- _Problem statement_: Please give back an exact reproduction of the lines from the one with "datatype vtx = V" through the end of the entries below, and no others.

**** Provided information ****

(* Let $m,n\geq 6$ and $r\geq 2$. Then $\varphi(\mathcal{P}^r_{m-5}\cup\mathcal{W}_{n-1},x)=\varphi(\mathcal{P}^r_{n-5}\cup\mathcal{W}_{m-1},x)$.
   Context: The loose path $\mathcal{P}^r_t=v_1e_1v_2\cdots v_te_tv_{t+1}$ of length $t\geq 1$ has edges $e_i=\{v_i,u_{i,1},\dots,u_{i,r-2},v_{i+1}\}$, all listed vertices distinct (for $r=2$ it is the ordinary path with $t$ edges). For $N\geq 5$, $\mathcal{W}_N$ is the $r$-uniform hypergraph obtained from the loose path $\mathcal{P}^r_{N-2}$ (vertices $v_1,\dots,v_{N-1}$) by attaching one pendent edge (an edge containing one existing vertex and $r-1$ new vertices) at $v_2$ and one at $v_{N-2}$. $\cup$ denotes disjoint union. For an $r$-uniform hypergraph $\mathcal{K}$ on $n'$ vertices, $m(\mathcal{K},k)$ is the number of sets of $k$ pairwise disjoint edges ($m(\mathcal{K},0)=1$) and $\varphi(\mathcal{K},x)=\sum_{k\geq0}(-1)^km(\mathcal{K},k)x^{n'-kr}$ is the matching polynomial. *)

theory Defs
  imports "HOL-Computational_Algebra.Polynomial"
begin

type_synonym 'a hypergraph = "'a set \<times> 'a set set"

text \<open>Vertex names: V i = v_i, U i j = u_{i,j}, A j / B j = new vertices of the
  two pendent edges of W_N.\<close>
datatype vtx = V nat | U nat nat | A nat | B nat

definition path_edge :: "nat \<Rightarrow> nat \<Rightarrow> vtx set" where
  "path_edge r i = {V i, V (Suc i)} \<union> {U i j | j. 1 \<le> j \<and> j \<le> r - 2}"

****

- _Task output_:
datatype vtx = V nat | U nat nat | A nat | B nat

definition path_edge :: "nat \<Rightarrow> nat \<Rightarrow> vtx set" where
  "path_edge r i = {V i, V (Suc i)} \<union> {U i j | j. 1 \<le> j \<and> j \<le> r - 2}"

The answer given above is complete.